Saved data entries
========================================

section \<open>The maximum principle\<close>

lemma equation_differentiated_twice:
  fixes f :: "(real^'n) \<times> real \<Rightarrow> real" and F :: "real^'n^'n \<Rightarrow> real" and v :: "real^'n"
  defines "\<Phi> \<equiv> \<lambda>X. F (sym_part X)" and "a \<equiv> space_dir v"
  assumes f: "smooth_on f U" and U: "open U"
    and C2: "Ck_on 2 \<Phi> {X. posdef (sym_part X)}"
    and \<Omega>: "open \<Omega>" "x0 \<in> \<Omega>" "\<And>x. x \<in> \<Omega> \<Longrightarrow> (x, t0) \<in> U"
    and posdef: "\<And>x. x \<in> \<Omega> \<Longrightarrow> posdef (space_hessian f (x, t0))"
    and equation: "\<And>x. x \<in> \<Omega> \<Longrightarrow> dir_deriv time_dir f (x, t0) = F (space_hessian f (x, t0))"
  shows "dir_derivs [time_dir, a, a] f (x0, t0)
     = dir_deriv (space_hessian (dir_derivs [a, a] f) (x0, t0)) \<Phi> (space_hessian f (x0, t0))
       + dir_deriv (space_hessian (dir_derivs [a] f) (x0, t0))
           (dir_deriv (space_hessian (dir_derivs [a] f) (x0, t0)) \<Phi>) (space_hessian f (x0, t0))"
proof -
  define S where "S = {X::real^'n^'n. posdef (sym_part X)}"
  have S: "open S" unfolding S_def by (rule open_posdef_sym_part)
  have C1: "Ck_on (Suc 1) \<Phi> S" using C2 by (simp add: S_def numeral_2_eq_2)
  obtain d where d: "d > 0" and in_\<Omega>: "\<And>s. \<bar>s\<bar> < d \<Longrightarrow> x0 + s *\<^sub>R v \<in> \<Omega>"
    using open_contains_short_line[OF \<Omega>(1,2)] by blast
  define p0 where "p0 = (x0, t0)"
  have line: "p0 + s *\<^sub>R a = (x0 + s *\<^sub>R v, t0)" for s by (simp add: p0_def a_def space_dir_def)
  have in_U: "p0 + s *\<^sub>R a \<in> U" if "\<bar>s\<bar> < d" for s using \<Omega>(3)[OF in_\<Omega>[OF that]] line by simp
  define \<gamma> where "\<gamma> s = space_hessian f (p0 + s *\<^sub>R a)" for s
  define \<gamma>' where "\<gamma>' s = space_hessian (dir_derivs [a] f) (p0 + s *\<^sub>R a)" for s
  have \<gamma>: "(\<gamma> has_vector_derivative \<gamma>' s) (at s)" if "\<bar>s\<bar> < d" for s
    unfolding \<gamma>_def[abs_def] \<gamma>'_def
    by (rule space_hessian_line_has_vector_derivative[OF f U in_U[OF that]])
  have \<gamma>': "(\<gamma>' has_vector_derivative space_hessian (dir_derivs [a, a] f) p0) (at 0)"
    using space_hessian_line_has_vector_derivative[OF smooth_on_dir_derivs[OF f] U, of p0 0 a "[a]"]
      in_U[of 0] d
    by (simp add: \<gamma>'_def[abs_def])
  have \<gamma>_sym: "transpose (\<gamma> s) = \<gamma> s" if "\<bar>s\<bar> < d" for s
    unfolding \<gamma>_def by (rule space_hessian_symmetric[OF f U in_U[OF that]])
  have in_S: "\<gamma> s \<in> S" if "\<bar>s\<bar> < d" for s
    using posdef[OF in_\<Omega>[OF that]] \<gamma>_sym[OF that] line by (simp add: S_def sym_part_id \<gamma>_def)
  have eq: "dir_derivs [time_dir] f (p0 + s *\<^sub>R a) = \<Phi> (\<gamma> s)" if "\<bar>s\<bar> < d" for s
    using equation[OF in_\<Omega>[OF that]] \<gamma>_sym[OF that] line by (simp add: \<Phi>_def \<gamma>_def sym_part_id)
  have eq': "dir_derivs [a, time_dir] f (p0 + s *\<^sub>R a) = dir_deriv (\<gamma>' s) \<Phi> (\<gamma> s)"
    if s: "\<bar>s\<bar> < d" for s
  proof -
    have "((\<lambda>s. \<Phi> (\<gamma> s)) has_real_derivative dir_derivs [a, time_dir] f (p0 + s *\<^sub>R a)) (at s)"
    proof (rule has_field_derivative_transform_within_open[OF dir_derivs_line[OF f U in_U[OF s]]])
      show "dir_derivs [time_dir] f (p0 + r *\<^sub>R a) = \<Phi> (\<gamma> r)" if "r \<in> ball 0 d" for r
        using eq that by simp
    qed (use s in auto)
    then show ?thesis using DERIV_unique dir_deriv_chain[OF C1 S in_S[OF s] \<gamma>[OF s]] by blast
  qed
  have "((\<lambda>s. dir_deriv (\<gamma>' s) \<Phi> (\<gamma> s)) has_real_derivative dir_derivs [a, a, time_dir] f p0) (at 0)"
  proof (rule has_field_derivative_transform_within_open[where S = "ball 0 d"])
    show "((\<lambda>s. dir_derivs [a, time_dir] f (p0 + s *\<^sub>R a)) has_real_derivative
        dir_derivs [a, a, time_dir] f p0) (at 0)"
      using dir_derivs_line[OF f U, of p0 0 a "[a, time_dir]"] in_U[of 0] d by simp
  qed (use d eq' in auto)
  then have "dir_derivs [a, a, time_dir] f p0
      = dir_deriv (space_hessian (dir_derivs [a, a] f) p0) \<Phi> (\<gamma> 0)
        + dir_deriv (\<gamma>' 0) (dir_deriv (\<gamma>' 0) \<Phi>) (\<gamma> 0)"
    using DERIV_unique DERIV_dir_deriv_along_curve[OF C2[folded S_def] S d in_S \<gamma> \<gamma>'] by blast
  moreover have "dir_derivs [time_dir, a, a] f p0 = dir_derivs [a, a, time_dir] f p0"
    using in_U[of 0] d by (intro dir_derivs_perm[OF f U]) simp_all
  ultimately show ?thesis by (simp add: \<gamma>_def \<gamma>'_def p0_def)
qed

========================================

> **Work instruction**
Every line above should be duplicated exactly as it stands.

> **Answer section**
section \<open>The maximum principle\<close>

lemma equation_differentiated_twice:
  fixes f :: "(real^'n) \<times> real \<Rightarrow> real" and F :: "real^'n^'n \<Rightarrow> real" and v :: "real^'n"
  defines "\<Phi> \<equiv> \<lambda>X. F (sym_part X)" and "a \<equiv> space_dir v"
  assumes f: "smooth_on f U" and U: "open U"
    and C2: "Ck_on 2 \<Phi> {X. posdef (sym_part X)}"
    and \<Omega>: "open \<Omega>" "x0 \<in> \<Omega>" "\<And>x. x \<in> \<Omega> \<Longrightarrow> (x, t0) \<in> U"
    and posdef: "\<And>x. x \<in> \<Omega> \<Longrightarrow> posdef (space_hessian f (x, t0))"
    and equation: "\<And>x. x \<in> \<Omega> \<Longrightarrow> dir_deriv time_dir f (x, t0) = F (space_hessian f (x, t0))"
  shows "dir_derivs [time_dir, a, a] f (x0, t0)
     = dir_deriv (space_hessian (dir_derivs [a, a] f) (x0, t0)) \<Phi> (space_hessian f (x0, t0))
       + dir_deriv (space_hessian (dir_derivs [a] f) (x0, t0))
           (dir_deriv (space_hessian (dir_derivs [a] f) (x0, t0)) \<Phi>) (space_hessian f (x0, t0))"
proof -
  define S where "S = {X::real^'n^'n. posdef (sym_part X)}"
  have S: "open S" unfolding S_def by (rule open_posdef_sym_part)
  have C1: "Ck_on (Suc 1) \<Phi> S" using C2 by (simp add: S_def numeral_2_eq_2)
  obtain d where d: "d > 0" and in_\<Omega>: "\<And>s. \<bar>s\<bar> < d \<Longrightarrow> x0 + s *\<^sub>R v \<in> \<Omega>"
    using open_contains_short_line[OF \<Omega>(1,2)] by blast
  define p0 where "p0 = (x0, t0)"
  have line: "p0 + s *\<^sub>R a = (x0 + s *\<^sub>R v, t0)" for s by (simp add: p0_def a_def space_dir_def)
  have in_U: "p0 + s *\<^sub>R a \<in> U" if "\<bar>s\<bar> < d" for s using \<Omega>(3)[OF in_\<Omega>[OF that]] line by simp
  define \<gamma> where "\<gamma> s = space_hessian f (p0 + s *\<^sub>R a)" for s
  define \<gamma>' where "\<gamma>' s = space_hessian (dir_derivs [a] f) (p0 + s *\<^sub>R a)" for s
  have \<gamma>: "(\<gamma> has_vector_derivative \<gamma>' s) (at s)" if "\<bar>s\<bar> < d" for s
    unfolding \<gamma>_def[abs_def] \<gamma>'_def
    by (rule space_hessian_line_has_vector_derivative[OF f U in_U[OF that]])
  have \<gamma>': "(\<gamma>' has_vector_derivative space_hessian (dir_derivs [a, a] f) p0) (at 0)"
    using space_hessian_line_has_vector_derivative[OF smooth_on_dir_derivs[OF f] U, of p0 0 a "[a]"]
      in_U[of 0] d
    by (simp add: \<gamma>'_def[abs_def])
  have \<gamma>_sym: "transpose (\<gamma> s) = \<gamma> s" if "\<bar>s\<bar> < d" for s
    unfolding \<gamma>_def by (rule space_hessian_symmetric[OF f U in_U[OF that]])
  have in_S: "\<gamma> s \<in> S" if "\<bar>s\<bar> < d" for s
    using posdef[OF in_\<Omega>[OF that]] \<gamma>_sym[OF that] line by (simp add: S_def sym_part_id \<gamma>_def)
  have eq: "dir_derivs [time_dir] f (p0 + s *\<^sub>R a) = \<Phi> (\<gamma> s)" if "\<bar>s\<bar> < d" for s
    using equation[OF in_\<Omega>[OF that]] \<gamma>_sym[OF that] line by (simp add: \<Phi>_def \<gamma>_def sym_part_id)
  have eq': "dir_derivs [a, time_dir] f (p0 + s *\<^sub>R a) = dir_deriv (\<gamma>' s) \<Phi> (\<gamma> s)"
    if s: "\<bar>s\<bar> < d" for s
  proof -
    have "((\<lambda>s. \<Phi> (\<gamma> s)) has_real_derivative dir_derivs [a, time_dir] f (p0 + s *\<^sub>R a)) (at s)"
    proof (rule has_field_derivative_transform_within_open[OF dir_derivs_line[OF f U in_U[OF s]]])
      show "dir_derivs [time_dir] f (p0 + r *\<^sub>R a) = \<Phi> (\<gamma> r)" if "r \<in> ball 0 d" for r
        using eq that by simp
    qed (use s in auto)
    then show ?thesis using DERIV_unique dir_deriv_chain[OF C1 S in_S[OF s] \<gamma>[OF s]] by blast
  qed
  have "((\<lambda>s. dir_deriv (\<gamma>' s) \<Phi> (\<gamma> s)) has_real_derivative dir_derivs [a, a, time_dir] f p0) (at 0)"
  proof (rule has_field_derivative_transform_within_open[where S = "ball 0 d"])
    show "((\<lambda>s. dir_derivs [a, time_dir] f (p0 + s *\<^sub>R a)) has_real_derivative
        dir_derivs [a, a, time_dir] f p0) (at 0)"
      using dir_derivs_line[OF f U, of p0 0 a "[a, time_dir]"] in_U[of 0] d by simp
  qed (use d eq' in auto)
  then have "dir_derivs [a, a, time_dir] f p0
      = dir_deriv (space_hessian (dir_derivs [a, a] f) p0) \<Phi> (\<gamma> 0)
        + dir_deriv (\<gamma>' 0) (dir_deriv (\<gamma>' 0) \<Phi>) (\<gamma> 0)"
    using DERIV_unique DERIV_dir_deriv_along_curve[OF C2[folded S_def] S d in_S \<gamma> \<gamma>'] by blast
  moreover have "dir_derivs [time_dir, a, a] f p0 = dir_derivs [a, a, time_dir] f p0"
    using in_U[of 0] d by (intro dir_derivs_perm[OF f U]) simp_all
  ultimately show ?thesis by (simp add: \<gamma>_def \<gamma>'_def p0_def)
qed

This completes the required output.